| TO DO |
In full and without change, transcribe the records below.

▬▬▬▬▬▬

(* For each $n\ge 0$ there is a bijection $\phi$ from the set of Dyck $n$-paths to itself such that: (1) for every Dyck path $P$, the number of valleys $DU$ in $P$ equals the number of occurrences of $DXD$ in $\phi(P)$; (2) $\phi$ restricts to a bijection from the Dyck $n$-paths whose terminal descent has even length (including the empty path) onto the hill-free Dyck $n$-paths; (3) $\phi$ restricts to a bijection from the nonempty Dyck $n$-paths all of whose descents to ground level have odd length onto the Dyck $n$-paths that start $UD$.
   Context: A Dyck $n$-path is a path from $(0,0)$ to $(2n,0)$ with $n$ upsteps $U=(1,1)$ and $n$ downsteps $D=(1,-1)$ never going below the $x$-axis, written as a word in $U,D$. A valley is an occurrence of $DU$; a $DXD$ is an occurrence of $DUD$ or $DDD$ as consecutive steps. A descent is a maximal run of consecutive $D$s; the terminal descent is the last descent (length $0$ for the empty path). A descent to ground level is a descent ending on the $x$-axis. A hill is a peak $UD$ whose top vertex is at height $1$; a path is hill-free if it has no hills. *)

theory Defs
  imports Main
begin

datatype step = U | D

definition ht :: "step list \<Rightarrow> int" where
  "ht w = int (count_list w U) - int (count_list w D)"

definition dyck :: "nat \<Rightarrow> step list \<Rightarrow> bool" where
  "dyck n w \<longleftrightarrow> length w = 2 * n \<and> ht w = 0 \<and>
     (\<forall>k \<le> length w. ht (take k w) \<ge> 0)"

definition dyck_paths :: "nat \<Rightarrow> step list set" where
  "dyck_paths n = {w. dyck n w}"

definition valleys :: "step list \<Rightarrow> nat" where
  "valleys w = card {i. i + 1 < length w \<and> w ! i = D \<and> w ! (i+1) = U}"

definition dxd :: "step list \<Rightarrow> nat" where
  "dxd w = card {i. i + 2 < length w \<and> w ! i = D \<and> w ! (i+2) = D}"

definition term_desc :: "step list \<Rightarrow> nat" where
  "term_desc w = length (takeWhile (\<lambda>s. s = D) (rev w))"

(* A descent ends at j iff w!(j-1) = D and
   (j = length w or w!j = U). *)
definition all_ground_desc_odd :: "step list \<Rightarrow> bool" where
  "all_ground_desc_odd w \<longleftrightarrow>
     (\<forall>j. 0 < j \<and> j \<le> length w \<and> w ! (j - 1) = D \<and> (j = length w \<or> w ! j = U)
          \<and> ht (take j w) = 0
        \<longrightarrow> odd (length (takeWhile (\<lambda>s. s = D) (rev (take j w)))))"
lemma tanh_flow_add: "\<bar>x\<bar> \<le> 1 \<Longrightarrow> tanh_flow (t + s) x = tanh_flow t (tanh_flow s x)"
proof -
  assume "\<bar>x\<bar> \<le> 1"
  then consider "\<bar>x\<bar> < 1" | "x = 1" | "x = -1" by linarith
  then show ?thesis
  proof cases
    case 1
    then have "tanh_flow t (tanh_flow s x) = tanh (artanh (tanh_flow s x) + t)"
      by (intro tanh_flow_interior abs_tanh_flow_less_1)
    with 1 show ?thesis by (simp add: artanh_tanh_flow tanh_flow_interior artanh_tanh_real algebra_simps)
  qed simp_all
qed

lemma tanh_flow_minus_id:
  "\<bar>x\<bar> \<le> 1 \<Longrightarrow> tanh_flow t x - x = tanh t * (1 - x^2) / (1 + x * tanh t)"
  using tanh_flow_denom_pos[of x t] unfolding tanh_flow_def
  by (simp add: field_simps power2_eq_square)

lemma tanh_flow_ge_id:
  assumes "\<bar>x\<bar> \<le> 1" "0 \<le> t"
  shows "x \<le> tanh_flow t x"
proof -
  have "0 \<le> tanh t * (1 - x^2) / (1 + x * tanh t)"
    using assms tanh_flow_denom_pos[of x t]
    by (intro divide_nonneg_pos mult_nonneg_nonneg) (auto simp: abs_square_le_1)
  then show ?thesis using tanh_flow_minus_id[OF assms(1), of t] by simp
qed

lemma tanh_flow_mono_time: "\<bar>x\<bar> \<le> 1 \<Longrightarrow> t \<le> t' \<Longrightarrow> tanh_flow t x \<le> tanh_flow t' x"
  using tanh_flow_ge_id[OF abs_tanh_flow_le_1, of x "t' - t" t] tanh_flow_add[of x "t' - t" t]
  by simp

▬▬▬▬▬▬

| YOUR RESPONSE |
(* For each $n\ge 0$ there is a bijection $\phi$ from the set of Dyck $n$-paths to itself such that: (1) for every Dyck path $P$, the number of valleys $DU$ in $P$ equals the number of occurrences of $DXD$ in $\phi(P)$; (2) $\phi$ restricts to a bijection from the Dyck $n$-paths whose terminal descent has even length (including the empty path) onto the hill-free Dyck $n$-paths; (3) $\phi$ restricts to a bijection from the nonempty Dyck $n$-paths all of whose descents to ground level have odd length onto the Dyck $n$-paths that start $UD$.
   Context: A Dyck $n$-path is a path from $(0,0)$ to $(2n,0)$ with $n$ upsteps $U=(1,1)$ and $n$ downsteps $D=(1,-1)$ never going below the $x$-axis, written as a word in $U,D$. A valley is an occurrence of $DU$; a $DXD$ is an occurrence of $DUD$ or $DDD$ as consecutive steps. A descent is a maximal run of consecutive $D$s; the terminal descent is the last descent (length $0$ for the empty path). A descent to ground level is a descent ending on the $x$-axis. A hill is a peak $UD$ whose top vertex is at height $1$; a path is hill-free if it has no hills. *)

theory Defs
  imports Main
begin

datatype step = U | D

definition ht :: "step list \<Rightarrow> int" where
  "ht w = int (count_list w U) - int (count_list w D)"

definition dyck :: "nat \<Rightarrow> step list \<Rightarrow> bool" where
  "dyck n w \<longleftrightarrow> length w = 2 * n \<and> ht w = 0 \<and>
     (\<forall>k \<le> length w. ht (take k w) \<ge> 0)"

definition dyck_paths :: "nat \<Rightarrow> step list set" where
  "dyck_paths n = {w. dyck n w}"

definition valleys :: "step list \<Rightarrow> nat" where
  "valleys w = card {i. i + 1 < length w \<and> w ! i = D \<and> w ! (i+1) = U}"

definition dxd :: "step list \<Rightarrow> nat" where
  "dxd w = card {i. i + 2 < length w \<and> w ! i = D \<and> w ! (i+2) = D}"

definition term_desc :: "step list \<Rightarrow> nat" where
  "term_desc w = length (takeWhile (\<lambda>s. s = D) (rev w))"

(* A descent ends at j iff w!(j-1) = D and
   (j = length w or w!j = U). *)
definition all_ground_desc_odd :: "step list \<Rightarrow> bool" where
  "all_ground_desc_odd w \<longleftrightarrow>
     (\<forall>j. 0 < j \<and> j \<le> length w \<and> w ! (j - 1) = D \<and> (j = length w \<or> w ! j = U)
          \<and> ht (take j w) = 0
        \<longrightarrow> odd (length (takeWhile (\<lambda>s. s = D) (rev (take j w)))))"
lemma tanh_flow_add: "\<bar>x\<bar> \<le> 1 \<Longrightarrow> tanh_flow (t + s) x = tanh_flow t (tanh_flow s x)"
proof -
  assume "\<bar>x\<bar> \<le> 1"
  then consider "\<bar>x\<bar> < 1" | "x = 1" | "x = -1" by linarith
  then show ?thesis
  proof cases
    case 1
    then have "tanh_flow t (tanh_flow s x) = tanh (artanh (tanh_flow s x) + t)"
      by (intro tanh_flow_interior abs_tanh_flow_less_1)
    with 1 show ?thesis by (simp add: artanh_tanh_flow tanh_flow_interior artanh_tanh_real algebra_simps)
  qed simp_all
qed

lemma tanh_flow_minus_id:
  "\<bar>x\<bar> \<le> 1 \<Longrightarrow> tanh_flow t x - x = tanh t * (1 - x^2) / (1 + x * tanh t)"
  using tanh_flow_denom_pos[of x t] unfolding tanh_flow_def
  by (simp add: field_simps power2_eq_square)

lemma tanh_flow_ge_id:
  assumes "\<bar>x\<bar> \<le> 1" "0 \<le> t"
  shows "x \<le> tanh_flow t x"
proof -
  have "0 \<le> tanh t * (1 - x^2) / (1 + x * tanh t)"
    using assms tanh_flow_denom_pos[of x t]
    by (intro divide_nonneg_pos mult_nonneg_nonneg) (auto simp: abs_square_le_1)
  then show ?thesis using tanh_flow_minus_id[OF assms(1), of t] by simp
qed

lemma tanh_flow_mono_time: "\<bar>x\<bar> \<le> 1 \<Longrightarrow> t \<le> t' \<Longrightarrow> tanh_flow t x \<le> tanh_flow t' x"
  using tanh_flow_ge_id[OF abs_tanh_flow_le_1, of x "t' - t" t] tanh_flow_add[of x "t' - t" t]
  by simp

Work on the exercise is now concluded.